- Required action: Once you have located the line containing "(gfinprod G f" in the material below, return it exactly along with each line after it through the line containing "surj by force".

•••••

lemma hom_gfinprod:
  assumes G: "comm_group G" and H: "comm_group H" and h: "h \<in> hom G H"
    and f: "f \<in> I \<rightarrow> carrier G" and fin: "finite {i \<in> I. f i \<noteq> \<one>\<^bsub>G\<^esub>}"
  shows "h (gfinprod G f I) = gfinprod H (\<lambda>i. h (f i)) I"
proof -
  interpret G: comm_group G by fact
  interpret H: comm_group H by fact
  interpret group_hom G H h
    by (simp add: group_hom_def group_hom_axioms_def G.is_group H.is_group h)
  let ?S = "{i \<in> I. f i \<noteq> \<one>\<^bsub>G\<^esub>}"
  have "gfinprod G f I = finprod G f ?S"
    by (rule G.gfinprod_eq_finprod_superset) (use fin f in auto)
  moreover have "gfinprod H (\<lambda>i. h (f i)) I = finprod H (\<lambda>i. h (f i)) ?S"
    by (rule H.gfinprod_eq_finprod_superset) (use fin f hom_closed in \<open>auto simp: Pi_def\<close>)
  ultimately show ?thesis
    using hom_finprod[OF G H h fin] f by auto
qed

lemma finite_support_pow:
  assumes "finite {i \<in> I. x i \<noteq> (0::int)}"
  shows "finite {i \<in> I. w i [^]\<^bsub>G\<^esub> x i \<noteq> \<one>\<^bsub>G\<^esub>}"
  by (rule finite_subset[OF _ assms]) auto

lemma hom_bij_betwI:
  assumes "group G" "group H" "h \<in> hom G H"
    and ker: "\<And>x. x \<in> carrier G \<Longrightarrow> h x = \<one>\<^bsub>H\<^esub> \<Longrightarrow> x = \<one>\<^bsub>G\<^esub>"
    and surj: "\<And>z. z \<in> carrier H \<Longrightarrow> \<exists>x\<in>carrier G. h x = z"
  shows "bij_betw h (carrier G) (carrier H)"
proof -
  interpret group_hom G H h
    using assms by (simp add: group_hom_def group_hom_axioms_def)
  have "kernel G H h = {\<one>\<^bsub>G\<^esub>}"
    using ker by (auto simp: kernel_def)
  then have "inj_on h (carrier G)" using inj_iff_trivial_ker by simp
  moreover have "h ` carrier G = carrier H" using surj by force
  ultimately show ?thesis by (simp add: bij_betw_def)
qed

•••••

- Your response:
  shows "h (gfinprod G f I) = gfinprod H (\<lambda>i. h (f i)) I"
proof -
  interpret G: comm_group G by fact
  interpret H: comm_group H by fact
  interpret group_hom G H h
    by (simp add: group_hom_def group_hom_axioms_def G.is_group H.is_group h)
  let ?S = "{i \<in> I. f i \<noteq> \<one>\<^bsub>G\<^esub>}"
  have "gfinprod G f I = finprod G f ?S"
    by (rule G.gfinprod_eq_finprod_superset) (use fin f in auto)
  moreover have "gfinprod H (\<lambda>i. h (f i)) I = finprod H (\<lambda>i. h (f i)) ?S"
    by (rule H.gfinprod_eq_finprod_superset) (use fin f hom_closed in \<open>auto simp: Pi_def\<close>)
  ultimately show ?thesis
    using hom_finprod[OF G H h fin] f by auto
qed

lemma finite_support_pow:
  assumes "finite {i \<in> I. x i \<noteq> (0::int)}"
  shows "finite {i \<in> I. w i [^]\<^bsub>G\<^esub> x i \<noteq> \<one>\<^bsub>G\<^esub>}"
  by (rule finite_subset[OF _ assms]) auto

lemma hom_bij_betwI:
  assumes "group G" "group H" "h \<in> hom G H"
    and ker: "\<And>x. x \<in> carrier G \<Longrightarrow> h x = \<one>\<^bsub>H\<^esub> \<Longrightarrow> x = \<one>\<^bsub>G\<^esub>"
    and surj: "\<And>z. z \<in> carrier H \<Longrightarrow> \<exists>x\<in>carrier G. h x = z"
  shows "bij_betw h (carrier G) (carrier H)"
proof -
  interpret group_hom G H h
    using assms by (simp add: group_hom_def group_hom_axioms_def)
  have "kernel G H h = {\<one>\<^bsub>G\<^esub>}"
    using ker by (auto simp: kernel_def)
  then have "inj_on h (carrier G)" using inj_iff_trivial_ker by simp
  moreover have "h ` carrier G = carrier H" using surj by force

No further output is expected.